# Assignment 4: CNN

## Description

Implement a Convolutional Neural Network (CNN) classifier to predict whether a given icon image is the real / fake. Where the fake images were generated by TAs with a neural network.

- You are not required to use Colab in this assignment, but you have to **submit your source code**.

## Dataset

- https://lab.djosix.com/icons.zip
- 64x64 RGB jpg images


```
real/           (10000 images)
    0000.jpg
    0001.jpg
    ...
    9999.jpg
fake/           (10000 images)
    0000.jpg
    0001.jpg
    ...
    9999.jpg
unknown/        (5350 images, testing set)
    0000.jpg
    0001.jpg
    ...
    5349.jpg
```

- Training set
  - 20000 icons in `real/` and `fake/`
  - You should predict 1 for icons in `real/` and 0 for icons in `fake/`
- Testing set:
  - 5350 icons in `unknown/`
  - Your score depends on the **accuracy** on this testing set,  
    so the prediction of each icon in `unknown/` should be submitted (totally 5350 predictions, see below).


## Submission

Please upload **2 files** to E3. (`XXXXXXX` is your student ID)

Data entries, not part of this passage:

lemma zero_margins_diag_add_upper:
  fixes D :: "nat \<Rightarrow> nat \<Rightarrow> 'a::comm_ring_1"
  assumes rows: "\<And>i. i \<in> {1..k} \<Longrightarrow> (\<Sum>j\<in>{1..k}. D i j) = 0"
    and cols: "\<And>j. j \<in> {1..k} \<Longrightarrow> (\<Sum>i\<in>{1..k}. D i j) = 0"
  shows "(\<Sum>i\<in>{1..k}. D i i) + 2 * (\<Sum>i\<in>{1..k}. \<Sum>j\<in>{i+1..k}. D i j)
    = (\<Sum>i\<in>{1..k-1}. \<Sum>j\<in>{i+1..k-1}. D i j - D j i)"
proof (cases k)
  case (Suc m)
  define S where "S = (\<Sum>i\<in>{1..k}. \<Sum>j\<in>{i+1..k}. D i j)"
  define T where "T = (\<Sum>i\<in>{1..k}. \<Sum>j\<in>{i+1..k}. D j i)"
  have "(\<Sum>i\<in>{1..k}. D i i) + S + T = (\<Sum>i\<in>{1..k}. \<Sum>j\<in>{1..k}. D i j)"
    unfolding S_def T_def sum_square_eq_diag_add_upper by (simp add: sum.distrib add.assoc)
  also have "\<dots> = 0" using rows by simp
  finally have total: "(\<Sum>i\<in>{1..k}. D i i) + S + T = 0" .
  have last: "(\<Sum>i\<in>{1..m}. D i k) = - D k k" "(\<Sum>i\<in>{1..m}. D k i) = - D k k"
    using rows[of k] cols[of k] by (simp_all add: Suc eq_neg_iff_add_eq_0)
  have "S - T = (\<Sum>i\<in>{1..k}. \<Sum>j\<in>{i+1..k}. D i j - D j i)"
    by (simp add: S_def T_def sum_subtractf)
  also have "\<dots> = (\<Sum>i\<in>{1..m}. \<Sum>j\<in>{i+1..m}. D i j - D j i)
      + ((\<Sum>i\<in>{1..m}. D i k) - (\<Sum>i\<in>{1..m}. D k i))"
    unfolding Suc sum_upper_triangle_Suc by (simp add: sum_subtractf)
  finally have skew: "S - T = (\<Sum>i\<in>{1..k-1}. \<Sum>j\<in>{i+1..k-1}. D i j - D j i)"
    using last Suc by simp
  have "(\<Sum>i\<in>{1..k}. D i i) + 2 * S = ((\<Sum>i\<in>{1..k}. D i i) + S + T) + (S - T)"
    by (simp add: mult_2 algebra_simps)
  with total skew show ?thesis by (simp add: S_def)
qed simp

lemma zero_margins_weighted_sum:
  fixes D Z :: "nat \<Rightarrow> nat \<Rightarrow> 'a::field_char_0" and L :: 'a
  assumes rows: "\<And>i. i \<in> {1..k} \<Longrightarrow> (\<Sum>j\<in>{1..k}. D i j) = 0"
    and cols: "\<And>j. j \<in> {1..k} \<Longrightarrow> (\<Sum>i\<in>{1..k}. D i j) = 0"
    and Z_diag: "\<And>i. i \<in> {1..k} \<Longrightarrow> Z i i = L * (L - 1) / 2"
    and Z_swap: "\<And>i j. \<lbrakk>i \<in> {1..k}; j \<in> {1..k}; i \<noteq> j\<rbrakk> \<Longrightarrow> Z i j + Z j i = L\<^sup>2"
  shows "(\<Sum>i\<in>{1..k}. \<Sum>j\<in>{1..k}. Z i j * D i j)
    = L\<^sup>2 / 2 * (\<Sum>i\<in>{1..k-1}. \<Sum>j\<in>{i+1..k-1}. D i j - D j i)
      - L / 2 * (\<Sum>i\<in>{1..k}. D i i)
      - (\<Sum>i\<in>{1..k}. \<Sum>j\<in>{i+1..k}. Z j i * (D i j - D j i))"
proof -
  define Dl where "Dl = (\<Sum>i\<in>{1..k}. D i i)"
  define S where "S = (\<Sum>i\<in>{1..k}. \<Sum>j\<in>{i+1..k}. D i j)"
  define ZZ where "ZZ = (\<Sum>i\<in>{1..k}. \<Sum>j\<in>{i+1..k}. Z j i * (D i j - D j i))"
  have "(\<Sum>i\<in>{1..k}. \<Sum>j\<in>{1..k}. Z i j * D i j) = (\<Sum>i\<in>{1..k}. Z i i * D i i)
      + (\<Sum>i\<in>{1..k}. \<Sum>j\<in>{i+1..k}. Z i j * D i j + Z j i * D j i)"
    by (rule sum_square_eq_diag_add_upper)
  also have "(\<Sum>i\<in>{1..k}. Z i i * D i i) = L * (L - 1) / 2 * Dl"
    unfolding Dl_def sum_distrib_left by (intro sum.cong) (simp_all add: Z_diag)
  also have "(\<Sum>i\<in>{1..k}. \<Sum>j\<in>{i+1..k}. Z i j * D i j + Z j i * D j i) = L\<^sup>2 * S - ZZ"
  proof -
    have "Z i j * D i j + Z j i * D j i = L\<^sup>2 * D i j - Z j i * (D i j - D j i)"
      if "i \<in> {1..k}" "j \<in> {i+1..k}" for i j
    proof -
      have "Z i j * D i j + Z j i * D j i = (Z i j + Z j i) * D i j - Z j i * (D i j - D j i)"
        by (simp add: algebra_simps)
      with Z_swap[of i j] that show ?thesis by simp
    qed
    then show ?thesis
      unfolding S_def ZZ_def sum_distrib_left sum_subtractf[symmetric] by (intro sum.cong) simp_all
  qed
  also have "L * (L - 1) / 2 * Dl + (L\<^sup>2 * S - ZZ)
      = L\<^sup>2 / 2 * (Dl + 2 * S) - L / 2 * Dl - ZZ"
    by (simp add: field_simps power2_eq_square)
  also have "Dl + 2 * S = (\<Sum>i\<in>{1..k-1}. \<Sum>j\<in>{i+1..k-1}. D i j - D j i)"
    unfolding Dl_def S_def using rows cols by (rule zero_margins_diag_add_upper)
  finally show ?thesis unfolding Dl_def ZZ_def .
qed
lemma bounded_borel_integral_kernel:
  assumes K: "K \<in> A \<rightarrow>\<^sub>M prob_algebra B" and F: "bounded_borel (A \<Otimes>\<^sub>M B) F"
  shows "bounded_borel A (\<lambda>x. integral\<^sup>L (K x) (\<lambda>y. F (x, y)))"
proof -
  obtain C where C: "\<forall>z\<in>space (A \<Otimes>\<^sub>M B). \<bar>F z\<bar> \<le> C"
    using F unfolding bounded_borel_def by blast
  have F_meas: "F \<in> borel_measurable (A \<Otimes>\<^sub>M B)"
    using F by (rule bounded_borel_measurable)
  have K_sub: "K \<in> A \<rightarrow>\<^sub>M subprob_algebra B"
    using K by (rule measurable_prob_algebraD)
  have K_sets: "sets (K x) = sets B" if "x \<in> space A" for x
    using K_sub that by (rule subprob_measurableD)
  have "(\<lambda>x. integral\<^sup>L (distr (K x) (A \<Otimes>\<^sub>M B) (Pair x)) F) \<in> borel_measurable A"
    by (rule measurable_compose[OF measurable_distr2[OF _ K_sub]
          integral_measurable_subprob_algebra[OF F_meas]]) simp
  then have meas: "(\<lambda>x. integral\<^sup>L (K x) (\<lambda>y. F (x, y))) \<in> borel_measurable A"
  proof (rule measurable_cong[THEN iffD1, rotated])
    fix x assume x: "x \<in> space A"
    have "Pair x \<in> K x \<rightarrow>\<^sub>M A \<Otimes>\<^sub>M B"
      using x by (simp add: measurable_cong_sets[OF K_sets[OF x] refl])
    then show "integral\<^sup>L (distr (K x) (A \<Otimes>\<^sub>M B) (Pair x)) F = integral\<^sup>L (K x) (\<lambda>y. F (x, y))"
      using F_meas by (simp add: integral_distr)
  qed
  show ?thesis
  proof (rule bounded_borelI[OF meas])
    fix x assume x: "x \<in> space A"
    interpret prob_space "K x"
      using measurable_space[OF K x] by (simp add: space_prob_algebra)
    have Fx: "bounded_borel (K x) (\<lambda>y. F (x, y))"
      using bounded_borel_Pair[OF F x] unfolding bounded_borel_cong_sets[OF K_sets[OF x]] .
    have bound: "\<bar>F (x, y)\<bar> \<le> C" if "y \<in> space (K x)" for y
      using C x that sets_eq_imp_space_eq[OF K_sets[OF x]] by (auto simp: space_pair_measure)
    have int: "integrable (K x) (\<lambda>y. F (x, y))"
      using Fx bound by (intro integrable_const_bound[where B = C]) (auto simp: bounded_borel_def)
    have "\<bar>integral\<^sup>L (K x) (\<lambda>y. F (x, y))\<bar> \<le> integral\<^sup>L (K x) (\<lambda>y. \<bar>F (x, y)\<bar>)"
      by (rule integral_abs_bound)
    also have "\<dots> \<le> C"
      using int bound by (intro integral_le_const) auto
    finally show "\<bar>integral\<^sup>L (K x) (\<lambda>y. F (x, y))\<bar> \<le> C" .
  qed
qed

fun Qprod :: "(nat \<Rightarrow> 'a \<Rightarrow> 'a measure) \<Rightarrow> (nat \<Rightarrow> 'a \<times> 'a \<Rightarrow> real) \<Rightarrow> nat \<Rightarrow> nat \<Rightarrow>
    ('a \<Rightarrow> real) \<Rightarrow> 'a \<Rightarrow> real" where
  "Qprod P g k 0 f = f"
| "Qprod P g k (Suc j) f = (\<lambda>x. integral\<^sup>L (P k x) (\<lambda>y. g (Suc k) (x, y) * Qprod P g (Suc k) j f y))"

locale aux_model =
  fixes M :: "nat \<Rightarrow> 'a measure"
    and L P :: "nat \<Rightarrow> 'a \<Rightarrow> 'a measure"
    and chi nu :: "'a measure"
    and wm1 :: "'a \<Rightarrow> real"
    and theta :: "nat \<Rightarrow> 'a \<Rightarrow> real"
    and w :: "nat \<Rightarrow> 'a \<Rightarrow> 'a \<Rightarrow> real"
  assumes L_sets: "\<And>k x. x \<in> space (M k) \<Longrightarrow> sets (L k x) = sets (M (Suc k))"
    and nu_sets: "sets nu = sets (M 0)"
    and wm1_meas: "wm1 \<in> borel_measurable (M 0)"
    and wm1_nonneg: "\<And>x. x \<in> space (M 0) \<Longrightarrow> 0 \<le> wm1 x"
    and chi_dens: "chi = density nu (\<lambda>x. ennreal (wm1 x))"
    and norm_pos: "\<And>k. integral\<^sup>L chi (Lseg L 0 k (\<lambda>_. 1)) > 0"
    and theta_meas: "\<And>k. theta k \<in> borel_measurable (M k)"
    and theta_pos: "\<And>k x. x \<in> space (M k) \<Longrightarrow> 0 < theta k x"
    and theta_bdd: "\<And>k. \<exists>B. \<forall>x\<in>space (M k). theta k x \<le> B"
    and P_kernel: "\<And>k. P k \<in> M k \<rightarrow>\<^sub>M prob_algebra (M (Suc k))"
    and w_meas: "\<And>k. (\<lambda>(x, y). w k x y) \<in> borel_measurable (M k \<Otimes>\<^sub>M M (Suc k))"
    and w_nonneg: "\<And>k x y. x \<in> space (M k) \<Longrightarrow> y \<in> space (M (Suc k)) \<Longrightarrow> 0 \<le> w k x y"
    and w_bdd: "\<And>k. \<exists>B. \<forall>x\<in>space (M k). \<forall>y\<in>space (M (Suc k)). w k x y / theta k x \<le> B"
    and L_wP: "\<And>k x g. x \<in> space (M k) \<Longrightarrow> g \<in> borel_measurable (M (Suc k)) \<Longrightarrow>
                 (\<exists>B. \<forall>y\<in>space (M (Suc k)). \<bar>g y\<bar> \<le> B) \<Longrightarrow>
                 integral\<^sup>L (L k x) g = integral\<^sup>L (P k x) (\<lambda>y. g y * w k x y)"
begin
(* Let $q>0$ be real and let $\mathfrak{M}^{\rm I}_q\subset\widetilde{SL}(2)_q$ and the involution $\dagger$ be as in the context. Let $U$ be a finite-dimensional Hermitian vector space with inner product $(\cdot,\cdot)$, conjugate linear in the first argument, and define the pairing $(\cdot,\cdot):(U\otimes\mathfrak{M}^{\rm I}_q)\times(U\otimes\mathfrak{M}^{\rm I}_q)\to\mathfrak{M}^{\rm I}_q$ by $(v_1\otimes f_1,v_2\otimes f_2)=(v_1,v_2)\,f_1^\dagger f_2$, extended additively. Then for $\sigma\in U\otimes\mathfrak{M}^{\rm I}_q$ we have $(\sigma,\sigma)=0$ if and only if $\sigma=0$.
   Context: $SL(2)_q$ is the unital associative $\mathbb{C}$-algebra generated by $g_{11'},g_{12'},g_{21'},g_{22'}$ with relations $g_{11'}g_{12'}=q^{-1}g_{12'}g_{11'}$, $g_{11'}g_{21'}=q^{-1}g_{21'}g_{11'}$, $g_{12'}g_{22'}=q^{-1}g_{22'}g_{12'}$, $g_{21'}g_{22'}=q^{-1}g_{22'}g_{21'}$, $g_{12'}g_{21'}=g_{21'}g_{12'}$, and $g_{11'}g_{22'}-q^{-1}g_{12'}g_{21'}=g_{22'}g_{11'}-qg_{21'}g_{12'}=1$. The algebra $\widetilde{SL}(2)_q$ is obtained by adjoining an invertible generator $\delta$ with $\delta g_{11'}=g_{11'}\delta$, $\delta g_{12'}=qg_{12'}\delta$, $\delta g_{21'}=q^{-1}g_{21'}\delta$, $\delta g_{22'}=g_{22'}\delta$. The involution $\dagger$ is the conjugate-linear anti-automorphism of $\widetilde{SL}(2)_q$ with $g_{11'}^\dagger=g_{22'}$, $g_{12'}^\dagger=-g_{21'}$, $g_{21'}^\dagger=-g_{12'}$, $g_{22'}^\dagger=g_{11'}$, $\delta^\dagger=\delta$. Set $x_{11'}=\delta g_{11'}$, $x_{12'}=q^{-1/2}\delta g_{12'}$, $x_{21'}=q^{1/2}\delta g_{21'}$, $x_{22'}=\delta g_{22'}$, and let $\mathfrak{M}^{\rm I}_q$ be the subalgebra generated by these four elements (the quantum affine Minkowski space). It satisfies $x_{11'}x_{12'}=x_{12'}x_{11'}$, $x_{21'}x_{22'}=x_{22'}x_{21'}$, $[x_{11'},x_{22'}]+[x_{21'},x_{12'}]=0$, $x_{11'}x_{21'}=q^{-2}x_{21'}x_{11'}$, $x_{12'}x_{22'}=q^{-2}x_{22'}x_{12'}$, $x_{21'}x_{12'}=q^2x_{12'}x_{21'}$, and is preserved by $\dagger$: $x_{11'}^\dagger=x_{22'}$, $x_{12'}^\dagger=-x_{21'}$, $x_{21'}^\dagger=-x_{12'}$, $x_{22'}^\dagger=x_{11'}$. *)

theory Defs
  imports "HOL-Analysis.Analysis" "HOL-Library.Poly_Mapping"
begin

datatype gen = G11 | G12 | G21 | G22 | Dl | DlInv

text \<open>Words in the generators; concatenation makes them a monoid, so that
  finitely supported complex-valued functions on words (convolution product)
  form the free unital associative C-algebra on the generators.\<close>
datatype word = Word "gen list"

instantiation word :: monoid_add
begin
definition zero_word :: word where "zero_word = Word []"
fun plus_word :: "word \<Rightarrow> word \<Rightarrow> word" where
  "plus_word (Word a) (Word b) = Word (a @ b)"
instance
proof
  fix a b c :: word
  show "a + b + c = a + (b + c)" by (cases a; cases b; cases c) simp
  show "0 + a = a" by (cases a) (simp add: zero_word_def)
  show "a + 0 = a" by (cases a) (simp add: zero_word_def)
qed
end

type_synonym falg = "word \<Rightarrow>\<^sub>0 complex"

definition gen_el :: "gen \<Rightarrow> falg" where
  "gen_el g = Poly_Mapping.single (Word [g]) 1"

definition scalar :: "complex \<Rightarrow> falg" where
  "scalar c = Poly_Mapping.single 0 c"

1. **`XXXXXXX_4_result.json`**  
  This file contains your model prediction for the testing set.  
  You must generate this file with the function called `save_predictions()`.
2. **`XXXXXXX_4_source.zip`**  
  Zip your source code into this archive.


## Hints

- **Deep Learning Libraries**: You can use any deep learning frameworks (PyTorch, TensorFlow, ...).
- **How to implement**: There are many CNN examples for beginners on the internet, e.g. official websites of the above libraries, play with them and their model architectures to abtain high accuracy on testing set.
- **GPU/TPU**: Colab provides free TPU/GPU for training speedup, please refer to [this page in `pytut.pdf` on E3](https://i.imgur.com/VsrUh7I.png).


### Include this in your code to generate result file

In [1]:
import json

def save_predictions(student_id, predictions):
  # Please use this function to generate 'XXXXXXX_4_result.json'
  # `predictions` is a list of int (0 or 1; fake=0 and real=1)
  # For example, `predictions[0]` is the prediction given "unknown/0000.jpg".
  # it will be 1 if your model think it is real, else 0 (fake).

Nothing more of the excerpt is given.